Secretary of State Condoleezza Rice joined Israeli and Palestinian leaders on Monday in voicing hope they could reach a peace agreement before President George W. Bush leaves office in January 2009.

But wrapping up two days of talks in the region, she again gave no date for a U.S.-led conference which all parties have said would serve as a launching pad for statehood negotiations.

Rice said only that the meeting, in Annapolis, Maryland, would take place "before the end of the year."

She offered no details on how Israel and the Palestinians might settle their deep divisions over core issues they have pledged to tackle after the conference: borders and the future of Jerusalem and millions of Palestinian refugees.

Setting precise timelines for Israeli-Palestinian peace moves, a Palestinian demand that Israel opposes, has also been a key point of contention while both sides try to put together a joint document to be presented at the gathering.

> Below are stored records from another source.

lemma tr_prod_scale_right: "tr_prod F a (\<lambda>p q. k * c p q) = k * tr_prod F a c"
  unfolding tr_prod_def by (simp add: sum_distrib_left mult.assoc mult.left_commute)

lemma tr_prod_zero: "tr_prod F (\<lambda>p q. 0) c = 0"
  unfolding tr_prod_def by simp

lemma tr_prod_sum: "tr_prod F (\<lambda>p q. \<Sum>k<(N::nat). t k p q) c = (\<Sum>k<N. tr_prod F (t k) c)"
  by (induction N) (simp_all add: tr_prod_zero tr_prod_add)

lemma trace_class_add:
  fixes a b :: "'i mat"
  assumes "trace_class a" "trace_class b"
  shows "trace_class (\<lambda>p q. a p q + b p q)"
proof (rule trace_class_and_trace_norm_le(1))
  fix F :: "'i set" and c :: "'i mat" assume "finite F" "contraction_on F c"
  then have "cmod (tr_prod F a c) \<le> trace_norm a" "cmod (tr_prod F b c) \<le> trace_norm b"
    using norm_tr_prod_le_trace_norm assms by blast+
  then show "cmod (tr_prod F (\<lambda>p q. a p q + b p q) c) \<le> trace_norm a + trace_norm b"
    unfolding tr_prod_add by (meson add_mono norm_triangle_ineq order_trans)
qed

lemma trace_class_scale:
  fixes a :: "'i mat"
  assumes "trace_class a"
  shows "trace_class (\<lambda>p q. k * a p q)"
proof (rule trace_class_and_trace_norm_le(1))
  fix F :: "'i set" and c :: "'i mat" assume "finite F" "contraction_on F c"
  then have "cmod (tr_prod F a c) \<le> trace_norm a"
    using norm_tr_prod_le_trace_norm assms by blast
  then show "cmod (tr_prod F (\<lambda>p q. k * a p q) c) \<le> cmod k * trace_norm a"
    unfolding tr_prod_scale_left by (simp add: mult_left_mono norm_mult)
qed

lemma trace_class_diff:
  fixes a b :: "'i mat"
  assumes "trace_class a" "trace_class b"
  shows "trace_class (\<lambda>p q. a p q - b p q)"
  using trace_class_add[OF assms(1) trace_class_scale[OF assms(2), of "-1"]] by simp

lemma trace_class_zero: "trace_class (\<lambda>p q. 0)"
  by (rule trace_class_and_trace_norm_le(1)[where B=0]) (simp add: tr_prod_zero)

lemma trace_norm_zero: "trace_norm (\<lambda>p q. 0) = 0"
proof -
  have "trace_norm (\<lambda>p q. 0) \<le> 0"
    by (rule trace_class_and_trace_norm_le(2)) (simp add: tr_prod_zero)
  then show ?thesis
    using trace_norm_nonneg[OF trace_class_zero] by (metis antisym)
qed

lemma trace_class_sum:
  fixes t :: "nat \<Rightarrow> 'i mat"
  assumes "\<And>k. trace_class (t k)"
  shows "trace_class (\<lambda>p q. \<Sum>k<(N::nat). c k * t k p q)"
proof (induction N)
  case 0
  then show ?case by (simp add: trace_class_zero)
next
  case (Suc N)
  have "trace_class (\<lambda>p q. (\<Sum>k<N. c k * t k p q) + c N * t N p q)"
    by (rule trace_class_add[OF Suc trace_class_scale[OF assms]])
  then show ?case by simp
qed

lemma trace_class_finite_support:
  fixes a :: "'i mat"
  assumes fG: "finite G" and supp: "\<And>p q. p \<notin> G \<or> q \<notin> G \<Longrightarrow> a p q = 0"
  shows "trace_class a"
proof (rule trace_class_and_trace_norm_le(1))
  fix F :: "'i set" and b :: "'i mat" assume fF: "finite F" and cb: "contraction_on F b"
  have "cmod (tr_prod F a b) \<le> (\<Sum>p\<in>F. \<Sum>q\<in>F. cmod (a p q * b q p))"
    unfolding tr_prod_def by (rule order_trans[OF norm_sum], rule sum_mono, rule norm_sum)
  also have "\<dots> \<le> (\<Sum>p\<in>F. \<Sum>q\<in>F. cmod (a p q))"
    using contraction_on_norm_entry_le[OF cb fF]
    by (intro sum_mono) (simp add: norm_mult mult_left_le)
  also have "\<dots> = (\<Sum>p\<in>F \<inter> G. \<Sum>q\<in>F \<inter> G. cmod (a p q))"
  proof -
    have "(\<Sum>q\<in>F. cmod (a p q)) = (\<Sum>q\<in>F \<inter> G. cmod (a p q))" for p
      by (rule sum.mono_neutral_right) (use fF supp in auto)
    moreover have "(\<Sum>p\<in>F. \<Sum>q\<in>F \<inter> G. cmod (a p q)) = (\<Sum>p\<in>F \<inter> G. \<Sum>q\<in>F \<inter> G. cmod (a p q))"
      by (rule sum.mono_neutral_right) (use fF supp in auto)
    ultimately show ?thesis by simp
  qed
  also have "\<dots> \<le> (\<Sum>p\<in>G. \<Sum>q\<in>G. cmod (a p q))"
    using fG by (intro order_trans[OF sum_mono sum_mono2] sum_mono2) (auto intro: sum_nonneg)
  finally show "cmod (tr_prod F a b) \<le> (\<Sum>p\<in>G. \<Sum>q\<in>G. cmod (a p q))" .
qed

lemma norm_tr_prod_le_op_bound:
  assumes fF: "finite F" and supp: "\<And>i j. i \<notin> F \<or> j \<notin> F \<Longrightarrow> c i j = 0"
    and M: "M > 0"
    and op: "\<And>x. (\<Sum>i\<in>F. (cmod (\<Sum>j\<in>F. c i j * x j))^2) \<le> M^2 * (\<Sum>j\<in>F. (cmod (x j))^2)"
    and tc: "trace_class a"
  shows "cmod (tr_prod F a c) \<le> M * trace_norm a"
proof -
  define b where "b = (\<lambda>i j. c i j / complex_of_real M)"
  have cb: "contraction_on F b"
    unfolding contraction_on_def
  proof (intro conjI allI impI)
    fix i j assume "i \<notin> F \<or> j \<notin> F"
    then show "b i j = 0" unfolding b_def using supp by simp
  next
    fix x
    have "(\<Sum>i\<in>F. (cmod (\<Sum>j\<in>F. b i j * x j))^2) = (\<Sum>i\<in>F. (cmod (\<Sum>j\<in>F. c i j * x j))^2) / M^2"
      unfolding b_def
      by (simp add: sum_divide_distrib[symmetric] norm_divide power_divide times_divide_eq_left
            del: of_real_power)
    also have "\<dots> \<le> (\<Sum>j\<in>F. (cmod (x j))^2)"
      using op[of x] M by (simp add: divide_le_eq mult.commute)
    finally show "(\<Sum>i\<in>F. (cmod (\<Sum>j\<in>F. b i j * x j))^2) \<le> (\<Sum>j\<in>F. (cmod (x j))^2)" .
  qed
  have "c = (\<lambda>i j. complex_of_real M * b i j)"
    unfolding b_def using M by (auto simp: fun_eq_iff)
  then have "tr_prod F a c = complex_of_real M * tr_prod F a b"
    using tr_prod_scale_right by metis
  then show ?thesis
    using norm_tr_prod_le_trace_norm[OF fF cb tc] M by (simp add: norm_mult)
qed

lemma op_bound_of_bilinear_bound:
  assumes fG: "finite G" and M: "M \<ge> 0"
    and bil: "\<And>u v. sqnorm_on G u \<le> 1 \<Longrightarrow> sqnorm_on G v \<le> 1 \<Longrightarrow>
               cmod (\<Sum>i\<in>G. \<Sum>j\<in>G. cnj (u i) * c i j * v j) \<le> M"
  shows "(\<Sum>i\<in>G. (cmod (\<Sum>j\<in>G. c i j * x j))^2) \<le> M^2 * (\<Sum>j\<in>G. (cmod (x j))^2)"
proof -
  define y where "y = (\<lambda>i. \<Sum>j\<in>G. c i j * x j)"
  define A where "A = sqrt (sqnorm_on G y)"
  define B where "B = sqrt (sqnorm_on G x)"
  have A2: "A^2 = sqnorm_on G y" and B2: "B^2 = sqnorm_on G x"
    unfolding A_def B_def by (simp_all add: sqnorm_on_nonneg)
  have A0: "A \<ge> 0" "B \<ge> 0"
    unfolding A_def B_def by (auto simp: sqnorm_on_nonneg)
  have goal: "sqnorm_on G y \<le> M^2 * sqnorm_on G x \<Longrightarrow> ?thesis"
    unfolding sqnorm_on_def y_def by simp
  consider "A = 0" | "B = 0" | "A > 0" "B > 0"
    using A0 by linarith
  then show ?thesis
  proof cases
    case 1
    then show ?thesis using A2 M sqnorm_on_nonneg[of G x] by (intro goal) simp
  next
    case 2
    then have "\<forall>j\<in>G. x j = 0"
      using B2 fG unfolding sqnorm_on_def by (simp add: sum_nonneg_eq_0_iff)
    then have "sqnorm_on G y = 0"
      unfolding sqnorm_on_def y_def by simp
    then show ?thesis using sqnorm_on_nonneg[of G x] by (intro goal) simp
  next
    case 3
    define u where "u = (\<lambda>i. y i / complex_of_real A)"
    define v where "v = (\<lambda>i. x i / complex_of_real B)"
    have "sqnorm_on G u = sqnorm_on G y / A^2" "sqnorm_on G v = sqnorm_on G x / B^2"
      unfolding sqnorm_on_def u_def v_def
      by (simp_all add: norm_divide power_divide sum_divide_distrib)
    then have unit: "sqnorm_on G u = 1" "sqnorm_on G v = 1"
      using 3 by (simp_all flip: A2 B2)
    \<comment> \<open>testing with the normalised image vector \<open>u = c x / \<parallel>c x\<parallel>\<close> turns the bilinear form into \<open>\<parallel>c x\<parallel> / \<parallel>x\<parallel>\<close>\<close>
    have "(\<Sum>i\<in>G. \<Sum>j\<in>G. cnj (y i) * c i j * x j) = (\<Sum>i\<in>G. cnj (y i) * y i)"
      unfolding y_def by (simp add: sum_distrib_left mult.assoc)
    also have "\<dots> = complex_of_real (A^2)"
      unfolding A2 sqnorm_on_def of_real_sum
      by (rule sum.cong[OF refl]) (metis complex_norm_square mult.commute)
    finally have yx: "(\<Sum>i\<in>G. \<Sum>j\<in>G. cnj (y i) * c i j * x j) = complex_of_real (A^2)" .
    have "(\<Sum>i\<in>G. \<Sum>j\<in>G. cnj (u i) * c i j * v j)
        = (\<Sum>i\<in>G. \<Sum>j\<in>G. cnj (y i) * c i j * x j) / complex_of_real (A * B)"
      unfolding u_def v_def by (simp add: sum_divide_distrib)
    also have "\<dots> = complex_of_real (A / B)"
      unfolding yx using 3 by (simp add: power2_eq_square)
    finally have "A / B \<le> M"
      using bil[of u v] unit 3 by (simp add: norm_divide)
    then have "A \<le> M * B" using 3 by (simp add: divide_le_eq)
    then have "A^2 \<le> (M * B)^2" using 3 by (simp add: power_mono)
    then show ?thesis using A2 B2 by (intro goal) (simp add: power_mult_distrib)
  qed
qed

Echoing recent comments by Israeli Prime Minister Ehud Olmert, Rice told a news conference she hoped for negotiations after the Annapolis meeting that "could achieve their goals within the time remaining to the Bush administration."

Bush, who proposed the gathering, is searching for a better legacy than the invasion of Iraq and its chaotic aftermath.

"What is ahead of us is very difficult work," Rice said, with Palestinian President Mahmoud Abbas at her side after they held talks in the West Bank city of Ramallah.

Saeb Erekat, a senior Palestinian negotiator, said Rice told Abbas she does not want "open-ended negotiations" and that "Bush believes that a historic Palestinian-Israeli agreement can be reached during his tenure."

CAUTION

Abbas sounded a note of caution, saying at the news conference: "Negotiations are difficult and will remain difficult until the last minute but there are encouraging things taking place."

He said the Annapolis parley presented a "genuine opportunity" for peace and that Israeli and Palestinian teams negotiating the joint document were making progress.

"The three parties today -- the American and the Israeli and the Palestinian sides -- are all insisting we reach a solution before the end of Mr. Bush's term in office," Abbas said.

Abbas, an aide said, had proposed to Rice that statehood negotiations be completed no later than six months after the end of the conference, penciled in for the last week of November though it could slip to December.

In an indication of difficulties ahead, Israel has also put the Palestinians on notice it would not implement an agreement until its security concerns, spelled out in a U.S.-backed peace "road map" formulated in 2003, were met.

The Palestinians have called on Israel to meet its commitments under that blueprint and halt settlement expansion and uproot outposts established in the occupied West Bank without Israeli government permission.

Five Palestinians were wounded on Monday when Abbas's security forces clashed with gunmen for the first time since their deployment in the city of Nablus last week as part of a Western-backed push to bolster West Bank security.

Abbas, whose Fatah faction lost control of the Gaza Strip to Hamas Islamists in June, said at the news conference he was seeking Israel's release of more Palestinian prisoners.

Israeli Vice Premier Haim Ramon said on Israeli television that a "significant release" of prisoners before the Annapolis conference "would be the right thing to do," but he gave no numbers. Israel freed 250 prisoners in July and 86 in October.